● **Aim of the exercise**: A stretch of the entries below is to be set down exactly, running from the line with "note int = set_integrable_simple_function[OF" through the line with "lebesgue. recon uold", both included, and no other line.

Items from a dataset
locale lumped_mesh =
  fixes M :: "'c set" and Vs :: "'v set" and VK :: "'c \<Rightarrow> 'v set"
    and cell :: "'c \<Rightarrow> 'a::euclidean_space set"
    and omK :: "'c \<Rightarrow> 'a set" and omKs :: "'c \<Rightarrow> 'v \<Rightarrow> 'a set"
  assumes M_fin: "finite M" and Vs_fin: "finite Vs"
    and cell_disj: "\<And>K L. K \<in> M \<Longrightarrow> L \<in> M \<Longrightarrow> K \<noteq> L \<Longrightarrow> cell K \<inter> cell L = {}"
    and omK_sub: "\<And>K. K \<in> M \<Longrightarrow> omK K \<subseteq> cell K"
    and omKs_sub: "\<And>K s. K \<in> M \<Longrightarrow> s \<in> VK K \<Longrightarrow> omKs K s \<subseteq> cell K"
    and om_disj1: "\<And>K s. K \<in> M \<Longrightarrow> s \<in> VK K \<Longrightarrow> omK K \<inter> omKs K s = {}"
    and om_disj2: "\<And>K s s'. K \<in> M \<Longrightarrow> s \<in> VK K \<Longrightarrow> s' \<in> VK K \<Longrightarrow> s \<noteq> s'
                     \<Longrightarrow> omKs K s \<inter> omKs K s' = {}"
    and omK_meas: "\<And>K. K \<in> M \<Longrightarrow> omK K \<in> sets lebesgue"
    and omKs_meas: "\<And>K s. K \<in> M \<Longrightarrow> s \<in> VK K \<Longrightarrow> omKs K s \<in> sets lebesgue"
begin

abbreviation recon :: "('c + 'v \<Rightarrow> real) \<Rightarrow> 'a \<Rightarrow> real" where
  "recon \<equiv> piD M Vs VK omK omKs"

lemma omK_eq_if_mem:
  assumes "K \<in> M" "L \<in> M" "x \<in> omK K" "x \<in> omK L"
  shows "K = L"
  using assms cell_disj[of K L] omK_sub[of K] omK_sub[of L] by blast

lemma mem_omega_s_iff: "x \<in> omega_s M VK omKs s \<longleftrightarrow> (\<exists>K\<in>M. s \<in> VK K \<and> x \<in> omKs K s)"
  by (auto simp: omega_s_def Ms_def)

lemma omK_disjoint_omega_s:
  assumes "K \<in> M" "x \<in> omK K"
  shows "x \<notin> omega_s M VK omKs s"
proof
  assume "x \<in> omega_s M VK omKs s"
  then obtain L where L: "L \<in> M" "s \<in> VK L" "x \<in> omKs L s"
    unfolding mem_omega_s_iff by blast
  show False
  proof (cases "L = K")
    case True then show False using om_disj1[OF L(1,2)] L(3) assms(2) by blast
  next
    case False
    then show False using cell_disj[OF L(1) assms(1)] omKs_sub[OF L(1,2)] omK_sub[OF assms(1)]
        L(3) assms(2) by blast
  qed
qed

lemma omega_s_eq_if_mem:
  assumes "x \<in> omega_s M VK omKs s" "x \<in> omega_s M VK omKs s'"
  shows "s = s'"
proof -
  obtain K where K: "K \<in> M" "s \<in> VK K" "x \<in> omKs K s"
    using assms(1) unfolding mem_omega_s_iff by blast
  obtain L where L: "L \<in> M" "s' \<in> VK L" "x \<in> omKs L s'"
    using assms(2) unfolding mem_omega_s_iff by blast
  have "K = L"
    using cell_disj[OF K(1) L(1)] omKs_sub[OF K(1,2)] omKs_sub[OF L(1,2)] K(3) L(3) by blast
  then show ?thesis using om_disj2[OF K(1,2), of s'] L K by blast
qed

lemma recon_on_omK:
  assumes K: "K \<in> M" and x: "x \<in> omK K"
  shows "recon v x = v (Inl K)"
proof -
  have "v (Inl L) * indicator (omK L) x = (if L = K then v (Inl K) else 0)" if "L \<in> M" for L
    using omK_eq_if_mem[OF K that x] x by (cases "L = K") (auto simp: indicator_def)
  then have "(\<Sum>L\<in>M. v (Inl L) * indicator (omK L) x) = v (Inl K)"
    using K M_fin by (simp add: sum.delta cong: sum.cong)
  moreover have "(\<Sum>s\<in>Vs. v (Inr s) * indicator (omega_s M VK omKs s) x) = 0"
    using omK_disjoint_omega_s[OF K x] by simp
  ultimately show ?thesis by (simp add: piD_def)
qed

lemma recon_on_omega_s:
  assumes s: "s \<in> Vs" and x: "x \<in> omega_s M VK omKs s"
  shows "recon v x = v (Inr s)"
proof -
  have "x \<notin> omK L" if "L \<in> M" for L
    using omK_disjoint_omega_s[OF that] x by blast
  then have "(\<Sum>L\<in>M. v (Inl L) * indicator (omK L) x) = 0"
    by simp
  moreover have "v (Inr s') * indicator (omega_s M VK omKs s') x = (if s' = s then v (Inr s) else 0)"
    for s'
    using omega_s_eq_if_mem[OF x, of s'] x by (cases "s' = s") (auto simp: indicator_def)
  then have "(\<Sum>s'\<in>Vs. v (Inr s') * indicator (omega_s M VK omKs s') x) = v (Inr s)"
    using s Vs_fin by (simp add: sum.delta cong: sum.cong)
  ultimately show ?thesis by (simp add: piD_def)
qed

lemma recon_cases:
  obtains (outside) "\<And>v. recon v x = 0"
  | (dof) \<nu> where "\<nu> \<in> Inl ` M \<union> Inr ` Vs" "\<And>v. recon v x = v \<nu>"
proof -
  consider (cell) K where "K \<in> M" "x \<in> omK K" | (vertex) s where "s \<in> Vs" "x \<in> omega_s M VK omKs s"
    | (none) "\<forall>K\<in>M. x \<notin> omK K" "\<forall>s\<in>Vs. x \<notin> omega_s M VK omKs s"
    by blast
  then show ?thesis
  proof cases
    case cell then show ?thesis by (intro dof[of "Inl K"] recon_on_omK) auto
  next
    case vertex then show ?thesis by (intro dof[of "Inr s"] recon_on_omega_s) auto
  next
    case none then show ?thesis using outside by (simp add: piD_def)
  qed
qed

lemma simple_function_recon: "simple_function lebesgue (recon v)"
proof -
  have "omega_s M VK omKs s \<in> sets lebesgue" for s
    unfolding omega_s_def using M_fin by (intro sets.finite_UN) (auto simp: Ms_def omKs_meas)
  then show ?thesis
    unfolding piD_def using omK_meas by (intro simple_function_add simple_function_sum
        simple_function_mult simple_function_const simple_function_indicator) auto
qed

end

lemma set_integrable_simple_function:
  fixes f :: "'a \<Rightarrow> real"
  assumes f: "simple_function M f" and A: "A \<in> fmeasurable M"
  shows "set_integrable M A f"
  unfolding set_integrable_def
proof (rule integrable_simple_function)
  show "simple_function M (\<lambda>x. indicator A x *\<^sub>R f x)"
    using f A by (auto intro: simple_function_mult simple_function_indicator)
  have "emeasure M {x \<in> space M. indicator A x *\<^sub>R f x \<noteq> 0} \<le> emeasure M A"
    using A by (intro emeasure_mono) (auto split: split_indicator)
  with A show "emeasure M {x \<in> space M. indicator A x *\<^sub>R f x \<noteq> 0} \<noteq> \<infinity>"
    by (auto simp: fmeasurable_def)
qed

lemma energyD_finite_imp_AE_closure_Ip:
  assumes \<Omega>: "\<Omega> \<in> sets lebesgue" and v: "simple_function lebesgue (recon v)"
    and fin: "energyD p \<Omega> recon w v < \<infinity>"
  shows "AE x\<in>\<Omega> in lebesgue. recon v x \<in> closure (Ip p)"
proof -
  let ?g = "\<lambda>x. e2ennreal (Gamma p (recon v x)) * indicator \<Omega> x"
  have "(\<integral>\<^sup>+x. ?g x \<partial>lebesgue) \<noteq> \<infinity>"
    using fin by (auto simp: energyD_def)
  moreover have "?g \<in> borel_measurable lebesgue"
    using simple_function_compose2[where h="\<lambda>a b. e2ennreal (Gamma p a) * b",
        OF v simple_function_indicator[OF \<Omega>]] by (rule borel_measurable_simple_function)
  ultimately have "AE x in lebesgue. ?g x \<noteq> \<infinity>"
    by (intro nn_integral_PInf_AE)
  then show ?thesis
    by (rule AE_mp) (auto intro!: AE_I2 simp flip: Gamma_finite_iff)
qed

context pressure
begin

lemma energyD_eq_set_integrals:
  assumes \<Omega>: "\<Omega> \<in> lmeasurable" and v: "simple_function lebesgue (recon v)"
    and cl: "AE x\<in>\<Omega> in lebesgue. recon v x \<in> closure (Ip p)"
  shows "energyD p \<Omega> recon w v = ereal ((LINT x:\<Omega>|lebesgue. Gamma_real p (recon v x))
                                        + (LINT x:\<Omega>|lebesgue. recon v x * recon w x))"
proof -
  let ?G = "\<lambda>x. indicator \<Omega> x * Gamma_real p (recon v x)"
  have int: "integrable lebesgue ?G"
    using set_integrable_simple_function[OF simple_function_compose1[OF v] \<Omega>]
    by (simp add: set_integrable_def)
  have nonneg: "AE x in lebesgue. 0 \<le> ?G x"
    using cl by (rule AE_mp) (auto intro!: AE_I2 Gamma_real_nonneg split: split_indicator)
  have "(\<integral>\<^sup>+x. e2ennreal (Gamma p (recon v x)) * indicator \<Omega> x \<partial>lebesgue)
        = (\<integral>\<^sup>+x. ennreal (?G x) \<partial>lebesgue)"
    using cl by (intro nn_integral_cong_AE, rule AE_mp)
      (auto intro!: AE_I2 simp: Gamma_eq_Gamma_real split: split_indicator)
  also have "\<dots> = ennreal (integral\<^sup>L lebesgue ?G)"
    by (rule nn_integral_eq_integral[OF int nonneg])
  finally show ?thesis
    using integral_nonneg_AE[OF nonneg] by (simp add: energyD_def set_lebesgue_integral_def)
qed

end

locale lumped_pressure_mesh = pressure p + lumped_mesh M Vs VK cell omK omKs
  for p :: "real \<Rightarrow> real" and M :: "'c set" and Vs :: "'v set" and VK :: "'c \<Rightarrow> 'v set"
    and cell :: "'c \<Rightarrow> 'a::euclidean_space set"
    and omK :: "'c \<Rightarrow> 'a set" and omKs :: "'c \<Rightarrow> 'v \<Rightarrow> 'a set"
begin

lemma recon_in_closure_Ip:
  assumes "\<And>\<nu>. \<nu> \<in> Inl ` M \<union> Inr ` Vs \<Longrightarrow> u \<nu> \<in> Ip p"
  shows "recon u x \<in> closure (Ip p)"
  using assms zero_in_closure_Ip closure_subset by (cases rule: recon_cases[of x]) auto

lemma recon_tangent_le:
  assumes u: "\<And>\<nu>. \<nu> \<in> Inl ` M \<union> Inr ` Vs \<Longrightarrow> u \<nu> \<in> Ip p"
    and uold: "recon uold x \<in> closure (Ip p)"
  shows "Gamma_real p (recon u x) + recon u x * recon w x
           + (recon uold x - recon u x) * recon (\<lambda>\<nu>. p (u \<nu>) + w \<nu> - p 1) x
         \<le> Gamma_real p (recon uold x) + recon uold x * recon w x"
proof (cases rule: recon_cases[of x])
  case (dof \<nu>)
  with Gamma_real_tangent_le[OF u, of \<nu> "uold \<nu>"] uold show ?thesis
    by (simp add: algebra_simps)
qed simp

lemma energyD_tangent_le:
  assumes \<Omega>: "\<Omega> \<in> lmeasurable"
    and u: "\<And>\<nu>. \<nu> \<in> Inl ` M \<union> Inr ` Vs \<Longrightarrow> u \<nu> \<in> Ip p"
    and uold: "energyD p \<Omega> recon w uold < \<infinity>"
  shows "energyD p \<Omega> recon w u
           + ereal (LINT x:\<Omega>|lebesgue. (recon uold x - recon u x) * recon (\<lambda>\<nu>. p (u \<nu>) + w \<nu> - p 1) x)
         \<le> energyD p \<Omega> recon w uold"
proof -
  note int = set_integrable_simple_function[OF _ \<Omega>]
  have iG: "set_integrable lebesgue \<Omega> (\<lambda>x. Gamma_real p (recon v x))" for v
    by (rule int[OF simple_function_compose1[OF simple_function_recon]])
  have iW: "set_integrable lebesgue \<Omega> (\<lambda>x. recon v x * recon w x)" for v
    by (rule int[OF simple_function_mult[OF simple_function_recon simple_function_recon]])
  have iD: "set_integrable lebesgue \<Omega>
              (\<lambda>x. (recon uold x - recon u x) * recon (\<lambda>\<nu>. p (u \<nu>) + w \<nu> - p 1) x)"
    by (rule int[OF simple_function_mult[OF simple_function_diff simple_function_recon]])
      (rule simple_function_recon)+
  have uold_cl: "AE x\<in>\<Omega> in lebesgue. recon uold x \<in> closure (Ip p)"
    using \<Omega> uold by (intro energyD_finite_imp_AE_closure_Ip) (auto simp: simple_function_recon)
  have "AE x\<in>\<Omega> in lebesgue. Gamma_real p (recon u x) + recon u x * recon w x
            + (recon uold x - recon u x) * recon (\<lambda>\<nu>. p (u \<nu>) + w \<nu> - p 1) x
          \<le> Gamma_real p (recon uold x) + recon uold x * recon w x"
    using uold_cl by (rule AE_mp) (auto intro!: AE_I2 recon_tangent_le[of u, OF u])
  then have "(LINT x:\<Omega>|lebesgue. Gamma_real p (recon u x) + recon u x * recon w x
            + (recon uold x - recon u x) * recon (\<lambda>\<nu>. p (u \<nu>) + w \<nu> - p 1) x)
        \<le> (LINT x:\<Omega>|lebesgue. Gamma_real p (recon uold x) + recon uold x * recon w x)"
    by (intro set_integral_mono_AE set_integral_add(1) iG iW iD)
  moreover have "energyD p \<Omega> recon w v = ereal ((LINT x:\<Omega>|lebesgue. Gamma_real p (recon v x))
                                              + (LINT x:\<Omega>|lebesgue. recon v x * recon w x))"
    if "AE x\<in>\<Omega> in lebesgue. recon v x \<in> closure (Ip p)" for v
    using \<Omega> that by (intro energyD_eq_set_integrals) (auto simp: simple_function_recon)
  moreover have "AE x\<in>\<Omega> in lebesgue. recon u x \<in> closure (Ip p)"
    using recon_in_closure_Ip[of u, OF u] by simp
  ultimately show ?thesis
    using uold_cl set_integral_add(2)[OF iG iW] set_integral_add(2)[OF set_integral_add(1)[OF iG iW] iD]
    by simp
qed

● **Output**:
  note int = set_integrable_simple_function[OF _ \<Omega>]
  have iG: "set_integrable lebesgue \<Omega> (\<lambda>x. Gamma_real p (recon v x))" for v
    by (rule int[OF simple_function_compose1[OF simple_function_recon]])
  have iW: "set_integrable lebesgue \<Omega> (\<lambda>x. recon v x * recon w x)" for v
    by (rule int[OF simple_function_mult[OF simple_function_recon simple_function_recon]])
  have iD: "set_integrable lebesgue \<Omega>
              (\<lambda>x. (recon uold x - recon u x) * recon (\<lambda>\<nu>. p (u \<nu>) + w \<nu> - p 1) x)"
    by (rule int[OF simple_function_mult[OF simple_function_diff simple_function_recon]])
      (rule simple_function_recon)+
  have uold_cl: "AE x\<in>\<Omega> in lebesgue. recon uold x \<in> closure (Ip p)"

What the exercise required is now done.